==== Material shown

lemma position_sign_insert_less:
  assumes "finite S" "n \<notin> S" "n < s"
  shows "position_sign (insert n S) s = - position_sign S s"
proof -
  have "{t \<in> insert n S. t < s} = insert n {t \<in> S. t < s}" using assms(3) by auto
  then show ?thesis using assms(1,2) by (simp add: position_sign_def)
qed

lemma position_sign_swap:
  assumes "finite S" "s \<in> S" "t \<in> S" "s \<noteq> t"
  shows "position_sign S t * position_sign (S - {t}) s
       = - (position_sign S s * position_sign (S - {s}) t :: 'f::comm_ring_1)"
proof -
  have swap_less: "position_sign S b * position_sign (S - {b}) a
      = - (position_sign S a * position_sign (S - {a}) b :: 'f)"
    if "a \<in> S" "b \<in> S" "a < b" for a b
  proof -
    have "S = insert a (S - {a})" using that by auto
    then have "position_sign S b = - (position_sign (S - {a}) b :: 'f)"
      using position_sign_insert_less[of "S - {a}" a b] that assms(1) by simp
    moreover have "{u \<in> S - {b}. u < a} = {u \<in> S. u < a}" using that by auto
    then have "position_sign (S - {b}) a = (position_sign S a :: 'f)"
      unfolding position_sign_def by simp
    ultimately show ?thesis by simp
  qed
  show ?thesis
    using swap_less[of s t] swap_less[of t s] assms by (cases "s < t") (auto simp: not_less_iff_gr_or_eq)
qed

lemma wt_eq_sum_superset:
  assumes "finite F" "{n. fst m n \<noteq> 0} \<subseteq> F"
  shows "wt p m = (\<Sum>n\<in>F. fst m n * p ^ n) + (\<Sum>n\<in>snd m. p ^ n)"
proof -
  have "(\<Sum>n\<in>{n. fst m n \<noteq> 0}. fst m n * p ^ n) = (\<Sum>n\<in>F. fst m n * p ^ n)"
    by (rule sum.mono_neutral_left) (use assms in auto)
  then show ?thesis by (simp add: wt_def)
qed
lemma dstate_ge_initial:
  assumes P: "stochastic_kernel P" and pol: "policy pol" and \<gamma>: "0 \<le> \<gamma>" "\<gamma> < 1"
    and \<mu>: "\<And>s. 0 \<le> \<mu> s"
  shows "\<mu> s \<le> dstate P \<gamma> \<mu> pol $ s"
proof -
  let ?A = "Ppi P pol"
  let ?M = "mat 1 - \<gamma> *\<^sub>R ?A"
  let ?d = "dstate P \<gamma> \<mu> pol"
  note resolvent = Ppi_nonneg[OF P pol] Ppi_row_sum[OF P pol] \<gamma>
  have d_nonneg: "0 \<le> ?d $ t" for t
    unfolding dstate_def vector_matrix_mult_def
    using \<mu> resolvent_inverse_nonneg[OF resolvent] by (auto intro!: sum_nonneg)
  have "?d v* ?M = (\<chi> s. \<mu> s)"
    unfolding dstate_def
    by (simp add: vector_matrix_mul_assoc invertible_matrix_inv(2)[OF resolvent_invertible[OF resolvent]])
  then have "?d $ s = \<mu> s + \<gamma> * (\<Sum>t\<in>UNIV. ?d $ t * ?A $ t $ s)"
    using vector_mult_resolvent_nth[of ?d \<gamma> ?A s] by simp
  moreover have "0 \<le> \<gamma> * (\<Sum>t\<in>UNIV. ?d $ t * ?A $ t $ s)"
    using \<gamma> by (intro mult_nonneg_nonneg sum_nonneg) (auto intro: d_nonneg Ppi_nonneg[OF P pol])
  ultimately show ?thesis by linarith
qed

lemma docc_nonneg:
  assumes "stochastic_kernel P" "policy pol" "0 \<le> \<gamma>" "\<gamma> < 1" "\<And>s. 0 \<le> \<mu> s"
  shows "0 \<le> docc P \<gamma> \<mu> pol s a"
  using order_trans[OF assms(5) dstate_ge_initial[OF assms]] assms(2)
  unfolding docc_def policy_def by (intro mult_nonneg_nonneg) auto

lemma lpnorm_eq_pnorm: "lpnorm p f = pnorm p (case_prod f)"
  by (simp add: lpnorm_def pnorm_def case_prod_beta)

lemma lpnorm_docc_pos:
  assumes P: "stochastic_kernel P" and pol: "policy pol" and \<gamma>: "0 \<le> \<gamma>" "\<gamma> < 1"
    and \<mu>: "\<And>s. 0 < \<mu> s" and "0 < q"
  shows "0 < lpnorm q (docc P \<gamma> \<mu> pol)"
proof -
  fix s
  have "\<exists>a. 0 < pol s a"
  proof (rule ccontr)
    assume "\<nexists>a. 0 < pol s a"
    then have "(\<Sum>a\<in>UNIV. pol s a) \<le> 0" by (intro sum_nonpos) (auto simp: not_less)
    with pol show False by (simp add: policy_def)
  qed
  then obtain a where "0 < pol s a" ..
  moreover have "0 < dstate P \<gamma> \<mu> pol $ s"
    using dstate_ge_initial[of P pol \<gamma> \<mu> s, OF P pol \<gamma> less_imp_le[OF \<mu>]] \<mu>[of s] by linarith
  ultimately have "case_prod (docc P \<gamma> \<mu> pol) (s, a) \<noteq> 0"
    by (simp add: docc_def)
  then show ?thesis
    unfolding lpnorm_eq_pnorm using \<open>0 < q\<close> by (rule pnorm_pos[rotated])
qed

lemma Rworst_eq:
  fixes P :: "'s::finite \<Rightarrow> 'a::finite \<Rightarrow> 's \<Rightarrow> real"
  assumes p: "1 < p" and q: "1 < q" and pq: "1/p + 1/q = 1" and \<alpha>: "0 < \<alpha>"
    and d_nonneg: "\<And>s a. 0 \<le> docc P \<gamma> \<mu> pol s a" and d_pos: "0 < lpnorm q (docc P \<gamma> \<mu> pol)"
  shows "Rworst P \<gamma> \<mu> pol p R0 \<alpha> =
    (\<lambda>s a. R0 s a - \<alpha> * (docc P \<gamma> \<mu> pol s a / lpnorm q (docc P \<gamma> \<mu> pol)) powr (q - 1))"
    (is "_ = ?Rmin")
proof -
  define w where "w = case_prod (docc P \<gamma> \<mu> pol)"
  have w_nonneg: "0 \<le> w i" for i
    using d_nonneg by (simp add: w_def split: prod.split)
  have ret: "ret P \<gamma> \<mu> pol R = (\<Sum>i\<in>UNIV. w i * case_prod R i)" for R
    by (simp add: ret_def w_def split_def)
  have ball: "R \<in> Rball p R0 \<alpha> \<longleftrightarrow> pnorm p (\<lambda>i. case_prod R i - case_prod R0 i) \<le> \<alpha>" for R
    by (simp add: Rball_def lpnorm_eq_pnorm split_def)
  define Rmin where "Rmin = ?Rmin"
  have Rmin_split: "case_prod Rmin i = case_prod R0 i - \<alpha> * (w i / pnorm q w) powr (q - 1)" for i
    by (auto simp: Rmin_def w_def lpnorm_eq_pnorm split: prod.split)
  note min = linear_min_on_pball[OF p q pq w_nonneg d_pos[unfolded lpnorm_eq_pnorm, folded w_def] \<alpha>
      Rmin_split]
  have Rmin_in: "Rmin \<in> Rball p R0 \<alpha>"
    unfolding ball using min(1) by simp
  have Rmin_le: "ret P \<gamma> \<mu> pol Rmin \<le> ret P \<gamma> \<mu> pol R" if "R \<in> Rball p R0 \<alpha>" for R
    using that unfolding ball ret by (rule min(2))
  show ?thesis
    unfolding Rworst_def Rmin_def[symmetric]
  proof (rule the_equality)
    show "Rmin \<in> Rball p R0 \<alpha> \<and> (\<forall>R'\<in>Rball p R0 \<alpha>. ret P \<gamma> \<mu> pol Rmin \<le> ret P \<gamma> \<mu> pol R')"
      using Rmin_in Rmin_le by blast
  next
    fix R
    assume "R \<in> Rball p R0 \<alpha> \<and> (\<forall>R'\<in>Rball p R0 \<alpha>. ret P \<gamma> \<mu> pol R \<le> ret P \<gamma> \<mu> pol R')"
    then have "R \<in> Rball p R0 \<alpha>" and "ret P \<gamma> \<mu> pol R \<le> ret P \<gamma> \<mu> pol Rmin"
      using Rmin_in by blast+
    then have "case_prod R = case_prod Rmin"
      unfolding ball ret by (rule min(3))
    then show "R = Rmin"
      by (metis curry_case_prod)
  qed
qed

========

> [Problem] Retype exactly the lines of the data above that fall between the line with "ultimately show ?thesis by simp" and the line with "note resolvent = Ppi_nonneg[OF", inclusive, and add nothing.

> [Written answer]
    ultimately show ?thesis by simp
  qed
  show ?thesis
    using swap_less[of s t] swap_less[of t s] assms by (cases "s < t") (auto simp: not_less_iff_gr_or_eq)
qed

lemma wt_eq_sum_superset:
  assumes "finite F" "{n. fst m n \<noteq> 0} \<subseteq> F"
  shows "wt p m = (\<Sum>n\<in>F. fst m n * p ^ n) + (\<Sum>n\<in>snd m. p ^ n)"
proof -
  have "(\<Sum>n\<in>{n. fst m n \<noteq> 0}. fst m n * p ^ n) = (\<Sum>n\<in>F. fst m n * p ^ n)"
    by (rule sum.mono_neutral_left) (use assms in auto)
  then show ?thesis by (simp add: wt_def)
qed
lemma dstate_ge_initial:
  assumes P: "stochastic_kernel P" and pol: "policy pol" and \<gamma>: "0 \<le> \<gamma>" "\<gamma> < 1"
    and \<mu>: "\<And>s. 0 \<le> \<mu> s"
  shows "\<mu> s \<le> dstate P \<gamma> \<mu> pol $ s"
proof -
  let ?A = "Ppi P pol"
  let ?M = "mat 1 - \<gamma> *\<^sub>R ?A"
  let ?d = "dstate P \<gamma> \<mu> pol"
  note resolvent = Ppi_nonneg[OF P pol] Ppi_row_sum[OF P pol] \<gamma>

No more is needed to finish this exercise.